Hugh Nibloe and Charlotte McKenna, who won a silver medal for Scotland at the World Championships which were held on home ice at Auchenharvie earlier in the year, consequently find themselves playing with new partners in the pair who represented England in those Championships, Nibloe lining up with Karen Aspey and McKenna with Stewart Pimblett, while Jo Butterfield plays alongside Jason Kean and Julian Mattison with Meggan Dawson-Farrell.
“We’ve done some practice in training, we’ve focused on it this week and we’ve not been total strangers to mixed doubles over the last few months, but competitively it’s going to be really good to get back into it, especially going in as the World silver medallists,” said Nibloe.
“It’s all building up to March and it’s great that we’ve got choices to make, so the coaches will want to see everybody playing with everybody else and see how the combinations work and things like that.
“They know that if they were to stick with Charlotte and me that we are already quite a strong partnership, but I guess they are looking to see if they can get stronger partnerships and they’re really looking for us to drive one another on.
“Hopefully my experience can bring Karen on and Charlotte’s experience can bring Stewart on, so hopefully we can get the most out of each other and out of the programme and give the selectors a bit of a nightmare.”
He recognises that the calibre of opposition represents a huge opportunity to pick up crucial information ahead of the Winter Paralympics. 
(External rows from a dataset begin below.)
(* Fix one of the moves $F1$, $F2$ and one of the moves $F3$, $F4$. Let $D$ be the Gauss diagram of an arbitrary twisted knot diagram. Then there is a finite sequence of moves of types $R1$, $R2$, $R3$, $T2$, $T3$, together with the forbidden moves $T4$, the chosen one of $F1$/$F2$, and the chosen one of $F3$/$F4$, which transforms $D$ into either the Gauss diagram of the trivial knot (a circle with no chords and no bars) or the Gauss diagram of the trivial knot with a bar (a circle with no chords and exactly one bar).
   Context: A twisted knot diagram is a virtual knot diagram (an oriented generic immersed circle in the plane whose double points are either classical crossings, carrying over/under information, or virtual crossings, carrying none) which may in addition carry finitely many bars: short segments marked transversally on arcs, away from crossings. Twisted knots are equivalence classes of such diagrams under the classical Reidemeister moves $R1,R2,R3$, the virtual Reidemeister moves $V1$–$V4$, and the twisted Reidemeister moves $T1$ (a bar slides through a virtual crossing), $T2$ (two consecutive bars on an arc cancel), $T3$ (a classical crossing having a bar on each of its four incident arcs next to the crossing is replaced by the crossing with over- and under-strand exchanged, the four bars being removed). Gauss diagram of a twisted knot diagram: an oriented circle (the parametrizing circle of the knot) on which are marked, in the order met when traversing the knot from a basepoint, the two preimages of each classical crossing and one point for each bar. For each classical crossing a chord joins its two preimages, oriented from the overcrossing preimage (the arrowtail) to the undercrossing preimage (the arrowhead), and labelled by the sign $\varepsilon\in\{+,-\}$ of the crossing. Virtual crossings are not recorded. Two marked points (chord endpoints or bars) are called adjacent if no other marked point lies between them on the circle. Moves on Gauss diagrams (each may be applied in either direction): - $R1,R2,R3$: the standard Gauss-diagram versions of the classical Reidemeister moves, i.e. the changes of Gauss diagrams induced by classical Reidemeister moves on diagrams (e.g. $R1$ adds or removes a chord of any orientation and sign whose two endpoints are adjacent). - $T2$: add or remove two adjacent bars. - $T3$: if each endpoint of a chord is immediately preceded and immediately followed by a bar, remove these four bars, reverse the orientation of the chord and change its sign (the Gauss-diagram version of the move $T3$ above). Virtual moves and $T1$ do not change the Gauss diagram. Forbidden moves: - $T4$: add or remove a chord (of any orientation and sign) whose two endpoints are separated by exactly one bar and no other marked point (a curl with a bar). - $F1$: exchange the positions of two adjacent arrowheads of different chords (signs arbitrary). - $F2$: exchange the positions of two adjacent arrowtails of different chords (signs arbitrary). - $F3$: if two arrowheads of different chords are separated by exactly one bar and no other marked point, exchange their positions (the bar stays between them). - $F4$: the same as $F3$ for two arrowtails. *)

theory Defs
  imports Main
begin

text \<open>A Gauss diagram is encoded as the list of
marked points met when traversing the parametrizing circle from a basepoint.  A marked point
is a bar, the arrowtail (overcrossing preimage) of the chord with label a and sign s, or the
arrowhead (undercrossing preimage) of that chord.  Signs: True = +, False = -.
Changing the basepoint (rotating the list) does not change the diagram; it is allowed as a
step below.\<close>

datatype mark = Bar | Tl nat bool | Hd nat bool

fun lab :: "mark \<Rightarrow> nat option" where
  "lab Bar = None"
| "lab (Tl a s) = Some a"
| "lab (Hd a s) = Some a"

definition wf_gauss :: "mark list \<Rightarrow> bool" where
  "wf_gauss D \<longleftrightarrow> (\<forall>a. filter (\<lambda>m. lab m = Some a) D = [] \<or>
      (\<exists>s. filter (\<lambda>m. lab m = Some a) D \<in> {[Tl a s, Hd a s], [Hd a s, Tl a s]}))"

definition chord_ends :: "nat \<Rightarrow> bool \<Rightarrow> mark \<Rightarrow> mark \<Rightarrow> bool" where
  "chord_ends a s e1 e2 \<longleftrightarrow> (e1 = Tl a s \<and> e2 = Hd a s) \<or> (e1 = Hd a s \<and> e2 = Tl a s)"

fun flip :: "mark \<Rightarrow> mark" where
  "flip Bar = Bar"
| "flip (Tl a s) = Hd a (\<not> s)"
| "flip (Hd a s) = Tl a (\<not> s)"

text \<open>R3 local data: chord a from the top strand to the middle strand, chord b from the top
strand to the bottom strand, chord c from the middle strand to the bottom strand, with signs
ea eb ec.  u1: on the top strand the tail of a precedes the tail of b; u2: on the middle strand
the head of a precedes the tail of c; u3: on the bottom strand the head of b precedes the head
of c.  The configuration is realizable iff (u1 = u2) = (eb = ec) and (u2 = u3) = (ea = eb);
the move reverses the order within each of the three pairs.\<close>

definition r3_top :: "nat \<Rightarrow> bool \<Rightarrow> nat \<Rightarrow> bool \<Rightarrow> bool \<Rightarrow> mark list" where
  "r3_top a ea b eb u = (if u then [Tl a ea, Tl b eb] else [Tl b eb, Tl a ea])"

definition r3_mid :: "nat \<Rightarrow> bool \<Rightarrow> nat \<Rightarrow> bool \<Rightarrow> bool \<Rightarrow> mark list" where
  "r3_mid a ea c ec u = (if u then [Hd a ea, Tl c ec] else [Tl c ec, Hd a ea])"

definition r3_bot :: "nat \<Rightarrow> bool \<Rightarrow> nat \<Rightarrow> bool \<Rightarrow> bool \<Rightarrow> mark list" where
  "r3_bot b eb c ec u = (if u then [Hd b eb, Hd c ec] else [Hd c ec, Hd b eb])"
“I’m looking forward to playing China in mixed doubles because we didn’t get the chance to do that in Auchenharvie and we know that they’re going to be really strong, because China just seem to be able to produce players right, left and centre, so they’re always strong whatever events they go in,” Nibloe observed.
“They will be a team to beat, along with a couple of others that are previous World Champions in Latvia and Sweden.
“I think the USA’s team for the Paralympics is already selected and they’re going to be here too, so it’s going to be really tough.
“They’ll be looking at us, though and seeing that we can chop and change and we’ve got lots of strong players, so this gives us a good look at the other teams, to base things around tactically for Cortina which will be really useful.”
That mixed doubles competition looks like being one of the most open in the history of curling, as Nibloe noted.
“We’ve had 12 medals at the World Wheelchair Mixed Doubles Championship during this Paralympic cycle and 12 different nations won them, so I’ve been joking about it saying you’ve got a 37 and half per cent chance of winning a medal and a 12 and a half per cent chance of winning gold because the standard is so close,” he said.
“There’s nobody that stands out and you think that they’re the team to beat. Every game you’ll have a chance of winning or losing, so it’s going to be exciting and if I’m involved I’ll be enjoying it and if I’m not I’ll be watching it knowing that whoever is there representing ParalympicsGB will have a great opportunity.”
On a personal level, meanwhile, Nibloe will not be able to repeat his performance at this year’s World Championships where he guided Scotland to the seventh place finish in the team event which was enough to secure Paralympic qualification, before claiming that mixed doubles silver medal, but he is simply desperate to be involved.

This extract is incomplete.